The Last Minute Tax Rush

The Last Minute Tax Rush

“Get your deduction before the end of the year!”

 “EOFY Sale!”

 “$20K can be yours before the end of the year!”

 Lets cut through the jargon. In the 2015 federal Budget, the government announced its intention to increase the instant asset write-off threshold to $20,000 for assets acquired and installed ready for use from 7.30pm (AEST) 12 May 2015.

Look at your financial position critically. Chances are, if you didn’t have $20,000 to spend on your business before the recent federal Budget announcement, you won’t have it in the days leading up to 30th June. If you’re uncertain about what to do, talk to us!

If you expect big taxable profits next year, but little this year, why spend up big now.
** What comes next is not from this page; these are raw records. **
lemma integral_smooth_step_kernel_approx:
  fixes G :: "real \<Rightarrow> real"
  assumes cG: "continuous_on {0..T} G" and a: "0 < \<epsilon>" "0 \<le> a" "a + \<epsilon> \<le> T"
    and close: "\<And>t. t \<in> {a..a + \<epsilon>} \<Longrightarrow> \<bar>G t - G a\<bar> \<le> \<eta>"
  shows "\<bar>integral {0..T} (\<lambda>t. G t * (deriv smooth_step ((t - a) / \<epsilon>) / \<epsilon>)) - G a\<bar> \<le> \<eta>"
proof (rule abs_integral_weighted_diff_le[OF cG continuous_on_smooth_step_kernel])
  show "\<epsilon> \<noteq> 0"
    using \<open>0 < \<epsilon>\<close> by simp
  show "0 \<le> deriv smooth_step ((t - a) / \<epsilon>) / \<epsilon>" for t
    using deriv_smooth_step_nonneg \<open>0 < \<epsilon>\<close> by simp
  show "integral {0..T} (\<lambda>t. deriv smooth_step ((t - a) / \<epsilon>) / \<epsilon>) = 1"
    using a by (rule integral_smooth_step_kernel)
  fix t assume "deriv smooth_step ((t - a) / \<epsilon>) / \<epsilon> \<noteq> 0"
  then have "(t - a) / \<epsilon> \<in> {0..1}"
    using deriv_smooth_step_eq_0 by force
  then show "\<bar>G t - G a\<bar> \<le> \<eta>"
    using \<open>0 < \<epsilon>\<close> by (intro close) (auto simp: field_simps)
qed

text \<open>Testing with the difference of two rescaled steps compares weighted averages of \<open>G\<close> near
  \<open>c\<close> and near \<open>d\<close>; as the steps sharpen, these averages tend to \<open>G c\<close> and \<open>G d\<close>.\<close>

lemma du_Bois_Reymond_interior:
  fixes G :: "real \<Rightarrow> real"
  assumes cG: "continuous_on {0..T} G"
    and weak: "\<And>\<zeta>. test_fun {0<..<T} \<zeta> \<Longrightarrow> integral {0..T} (\<lambda>t. G t * deriv \<zeta> t) = 0"
    and cd: "0 < c" "c \<le> d" "d < T"
  shows "G c = G d"
proof (rule ccontr)
  assume "G c \<noteq> G d"
  define \<eta> where "\<eta> = \<bar>G c - G d\<bar> / 3"
  have "0 < \<eta>"
    using \<open>G c \<noteq> G d\<close> by (simp add: \<eta>_def)
  then obtain \<delta> where "0 < \<delta>" and \<delta>: "\<And>s t. s \<in> {0..T} \<Longrightarrow> t \<in> {0..T} \<Longrightarrow> dist t s < \<delta> \<Longrightarrow>
      dist (G t) (G s) < \<eta>"
    using compact_uniformly_continuous[OF cG compact_Icc] unfolding uniformly_continuous_on_def by metis
  define \<epsilon> where "\<epsilon> = min (\<delta> / 2) ((T - d) / 2)"
  have \<epsilon>: "0 < \<epsilon>" "\<epsilon> < \<delta>" "d + \<epsilon> < T"
    using \<open>0 < \<delta>\<close> cd by (auto simp: \<epsilon>_def min_def field_simps)
  have approx: "\<bar>integral {0..T} (\<lambda>t. G t * (deriv smooth_step ((t - a) / \<epsilon>) / \<epsilon>)) - G a\<bar> \<le> \<eta>"
    if "a \<in> {c, d}" for a
  proof (rule integral_smooth_step_kernel_approx[OF cG \<open>0 < \<epsilon>\<close>])
    show "0 \<le> a" "a + \<epsilon> \<le> T"
      using that cd \<epsilon> by auto
    show "\<bar>G t - G a\<bar> \<le> \<eta>" if "t \<in> {a..a + \<epsilon>}" for t
      using \<delta>[of a t] that \<open>a \<in> {c, d}\<close> cd \<epsilon> by (auto simp: dist_real_def)
  qed
  have "integral {0..T} (\<lambda>t. G t * (deriv smooth_step ((t - c) / \<epsilon>) / \<epsilon>)) =
      integral {0..T} (\<lambda>t. G t * (deriv smooth_step ((t - d) / \<epsilon>) / \<epsilon>))"
    using cd \<epsilon> by (intro integral_smooth_step_kernels_eq[OF cG weak]) auto
  then have "\<bar>G c - G d\<bar> \<le> 2 * \<eta>"
    using approx[of c] approx[of d] by (auto simp: abs_le_iff)
  then show False
    using \<open>0 < \<eta>\<close> by (simp add: \<eta>_def)
qed

lemma du_Bois_Reymond:
  fixes G :: "real \<Rightarrow> real"
  assumes "0 < T" and cG: "continuous_on {0..T} G"
    and weak: "\<And>\<zeta>. test_fun {0<..<T} \<zeta> \<Longrightarrow> integral {0..T} (\<lambda>t. G t * deriv \<zeta> t) = 0"
    and "x \<in> {0..T}"
  shows "G x = G (T / 2)"
proof (rule continuous_constant_on_closure[of "{0<..<T}" G])
  show "continuous_on (closure {0<..<T}) G" "x \<in> closure {0<..<T}"
    using assms by auto
  fix t :: real
  assume "t \<in> {0<..<T}"
  then show "G t = G (T / 2)"
    using du_Bois_Reymond_interior[OF cG weak, of t "T / 2"]
      du_Bois_Reymond_interior[OF cG weak, of "T / 2" t]
    by (cases "t \<le> T / 2") auto
qed

lemma integral_primitive_mult_deriv_test_fun:
  fixes h \<zeta> :: "real \<Rightarrow> real"
  assumes "0 \<le> T" and ch: "continuous_on {0..T} h" and \<zeta>: "test_fun {0<..<T} \<zeta>"
  shows "integral {0..T} (\<lambda>t. integral {0..t} h * deriv \<zeta> t) = - integral {0..T} (\<lambda>t. h t * \<zeta> t)"
proof -
  define H where "H t = integral {0..t} h" for t
  have H: "(H has_real_derivative h t) (at t within {0..T})" if "t \<in> {0..T}" for t
    unfolding H_def by (rule integral_has_real_derivative[OF ch that])
  then have cH: "continuous_on {0..T} H"
    by (rule DERIV_continuous_on)
  note c\<zeta> = continuous_on_test_fun[OF \<zeta>]
  have "((\<lambda>t. h t * \<zeta> t + H t * deriv \<zeta> t) has_integral H T * \<zeta> T - H 0 * \<zeta> 0) {0..T}"
    using \<open>0 \<le> T\<close> DERIV_mult[OF H has_field_derivative_at_within[OF test_fun_real_has_derivative[OF \<zeta>]]]
    by (intro fundamental_theorem_of_calculus)
      (auto simp: has_real_derivative_iff_has_vector_derivative[symmetric] mult.commute)
  moreover have "\<zeta> 0 = 0" "\<zeta> T = 0"
    using test_fun_eq_0_outside[OF \<zeta>] by auto
  ultimately have "integral {0..T} (\<lambda>t. h t * \<zeta> t + H t * deriv \<zeta> t) = 0"
    by (simp add: integral_unique)
  moreover have "(\<lambda>t. h t * \<zeta> t) integrable_on {0..T}" "(\<lambda>t. H t * deriv \<zeta> t) integrable_on {0..T}"
    by (intro integrable_continuous_real continuous_on_mult ch cH c\<zeta>)+
  ultimately show ?thesis
    by (simp add: H_def integral_add)
qed

lemma integral_lebesgue_on_greaterThanLessThan:
  fixes f :: "real \<Rightarrow> real"
  assumes "continuous_on {a..b} f"
  shows "(\<integral>t. f t \<partial>lebesgue_on {a<..<b}) = integral {a..b} f"
proof -
  have "f absolutely_integrable_on {a<..<b}"
    by (rule set_integrable_subset[OF absolutely_integrable_continuous_real[OF assms]]) auto
  then have "integrable (lebesgue_on {a<..<b}) f"
    by (simp add: set_integrable_def integrable_restrict_space)
  then have "(\<integral>t. f t \<partial>lebesgue_on {a<..<b}) = integral {a<..<b} f"
    by (rule lebesgue_integral_eq_integral) simp
  also have "\<dots> = integral {a..b} f"
    using integral_open_interval[of a b f] by (simp add: box_real)
  finally show ?thesis .
qed

text \<open>\<open>g\<close> minus a primitive of \<open>h\<close> has vanishing weak derivative, hence is constant.\<close>

lemma has_real_derivative_if_weak_derivative:
  fixes g h :: "real \<Rightarrow> real"
  assumes "0 < T" and cg: "continuous_on {0..T} g" and ch: "continuous_on {0..T} h"
    and weak: "\<And>\<zeta>. test_fun {0<..<T} \<zeta> \<Longrightarrow>
      (\<integral>t. g t * deriv \<zeta> t \<partial>lebesgue_on {0<..<T}) = - (\<integral>t. h t * \<zeta> t \<partial>lebesgue_on {0<..<T})"
    and t: "t \<in> {0..T}"
  shows "(g has_real_derivative h t) (at t within {0..T})"
proof -
  define H where "H t = integral {0..t} h" for t
  have H: "(H has_real_derivative h s) (at s within {0..T})" if "s \<in> {0..T}" for s
    unfolding H_def by (rule integral_has_real_derivative[OF ch that])
  then have cH: "continuous_on {0..T} H"
    by (rule DERIV_continuous_on)
  have weak_GH: "integral {0..T} (\<lambda>t. (g t - H t) * deriv \<zeta> t) = 0" if \<zeta>: "test_fun {0<..<T} \<zeta>" for \<zeta>
  proof -
    note c\<zeta> = continuous_on_test_fun[OF \<zeta>]
    have "integral {0..T} (\<lambda>t. g t * deriv \<zeta> t) = - integral {0..T} (\<lambda>t. h t * \<zeta> t)"
      using weak[OF \<zeta>] cg ch c\<zeta>
      by (simp add: integral_lebesgue_on_greaterThanLessThan continuous_on_mult)
    also have "\<dots> = integral {0..T} (\<lambda>t. H t * deriv \<zeta> t)"
      unfolding H_def using \<open>0 < T\<close> ch \<zeta> by (simp add: integral_primitive_mult_deriv_test_fun)
    finally show ?thesis
      using c\<zeta> cg cH
      by (simp add: left_diff_distrib integral_diff integrable_continuous_real continuous_on_mult)
  qed
  have "continuous_on {0..T} (\<lambda>t. g t - H t)"
    using cg cH by (rule continuous_on_diff)
  then have const: "H s + (g (T / 2) - H (T / 2)) = g s" if "s \<in> {0..T}" for s
    using du_Bois_Reymond[of T "\<lambda>t. g t - H t" s] \<open>0 < T\<close> weak_GH that by fastforce
  have "((\<lambda>s. H s + (g (T / 2) - H (T / 2))) has_real_derivative h t) (at t within {0..T})"
    using H[OF t] by (auto intro!: derivative_eq_intros)
  then show ?thesis
    by (rule has_field_derivative_transform_within[where d=1]) (use t const in auto)
qed

section \<open>The inner product of \<open>L\<^sup>2(\<Omega>)\<close>\<close>

definition inner_L2 :: "'a::euclidean_space set \<Rightarrow> ('a \<Rightarrow> real) \<Rightarrow> ('a \<Rightarrow> real) \<Rightarrow> real" where
  "inner_L2 \<Omega> f g = (\<integral>x. f x * g x \<partial>lebesgue_on \<Omega>)"

lemma L2_integrable_mult:
  assumes "L2 \<Omega> f" "L2 \<Omega> g"
  shows "integrable (lebesgue_on \<Omega>) (\<lambda>x. f x * g x)"
proof (rule Bochner_Integration.integrable_bound)
  show "integrable (lebesgue_on \<Omega>) (\<lambda>x. (f x)\<^sup>2 + (g x)\<^sup>2)"
    using assms by (simp add: L2_def)
  show "(\<lambda>x. f x * g x) \<in> borel_measurable (lebesgue_on \<Omega>)"
    using assms unfolding L2_def by (intro borel_measurable_times) auto
  show "AE x in lebesgue_on \<Omega>. norm (f x * g x) \<le> norm ((f x)\<^sup>2 + (g x)\<^sup>2)"
  proof (rule AE_I2)
    fix x
    have "2 * (\<bar>f x\<bar> * \<bar>g x\<bar>) \<le> (f x)\<^sup>2 + (g x)\<^sup>2"
      using sum_squares_bound[of "\<bar>f x\<bar>" "\<bar>g x\<bar>"] by (simp add: mult.assoc)
    moreover have "0 \<le> \<bar>f x\<bar> * \<bar>g x\<bar>"
      by simp
    ultimately have "\<bar>f x\<bar> * \<bar>g x\<bar> \<le> (f x)\<^sup>2 + (g x)\<^sup>2"
      by linarith
    then show "norm (f x * g x) \<le> norm ((f x)\<^sup>2 + (g x)\<^sup>2)"
      by (simp add: abs_mult)
  qed
qed

lemma L2_add:
  assumes "L2 \<Omega> f" "L2 \<Omega> g"
  shows "L2 \<Omega> (\<lambda>x. f x + g x)"
proof -
  have "integrable (lebesgue_on \<Omega>) (\<lambda>x. (f x)\<^sup>2 + (g x)\<^sup>2 + 2 * (f x * g x))"
    using assms L2_integrable_mult unfolding L2_def
    by (intro Bochner_Integration.integrable_add Bochner_Integration.integrable_mult_right) auto
  then show ?thesis
    using assms unfolding L2_def by (simp add: power2_sum mult.assoc borel_measurable_add)
qed

lemma L2_diff:
  assumes "L2 \<Omega> f" "L2 \<Omega> g"
  shows "L2 \<Omega> (\<lambda>x. f x - g x)"
proof -
  have "integrable (lebesgue_on \<Omega>) (\<lambda>x. (f x)\<^sup>2 + (g x)\<^sup>2 - 2 * (f x * g x))"
    using assms L2_integrable_mult unfolding L2_def
    by (intro Bochner_Integration.integrable_diff Bochner_Integration.integrable_add
        Bochner_Integration.integrable_mult_right) auto
  then show ?thesis
    using assms unfolding L2_def by (simp add: power2_diff mult.assoc borel_measurable_diff)
qed

lemma L2_divide: "L2 \<Omega> f \<Longrightarrow> L2 \<Omega> (\<lambda>x. f x / c)"
  by (simp add: L2_def power_divide borel_measurable_divide)

lemma L2_const: "finite_measure (lebesgue_on \<Omega>) \<Longrightarrow> L2 \<Omega> (\<lambda>x. c)"
  by (simp add: L2_def finite_measure.integrable_const)

lemma L2_integrable:
  assumes "finite_measure (lebesgue_on \<Omega>)" "L2 \<Omega> f"
  shows "integrable (lebesgue_on \<Omega>) f"
  using L2_integrable_mult[OF assms(2) L2_const[OF assms(1), of 1]] by simp

lemma Hnorm_nonneg [simp]: "0 \<le> Hnorm \<Omega> f"
  by (simp add: Hnorm_def)

lemma Hnorm_sq_eq_inner_L2: "(Hnorm \<Omega> f)\<^sup>2 = inner_L2 \<Omega> f f"
  by (simp add: Hnorm_def inner_L2_def power2_eq_square)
It is probably much better to defer this expenditure until the next year to even out the cash flows and taxes.

Consider also that you need to consider income too: bring forward the income or delay.

If you do need the deduction this year then consider:

The capital ‘$20k’ up front deduction – but only if you were considering buying it later anyway.

Paying super before the 30 June for the 4th quarter.

Prepaying expenses for next year.

Writing off bad debts – review your trade debtors listing and write off any uncollectable debts.

Donating – remembering that any contribution you make to a charity or a private ancillary fund above $2 is tax deductible.

As with any deduction, remember the golden rule: you can’t claim what you can’t prove.

This year the ATO is paying particular attention to personal technology claims – such as phones, computers and iPads – and travel costs. If you are claiming work-related expenses, make sure you have your receipts and can justify them as work costs.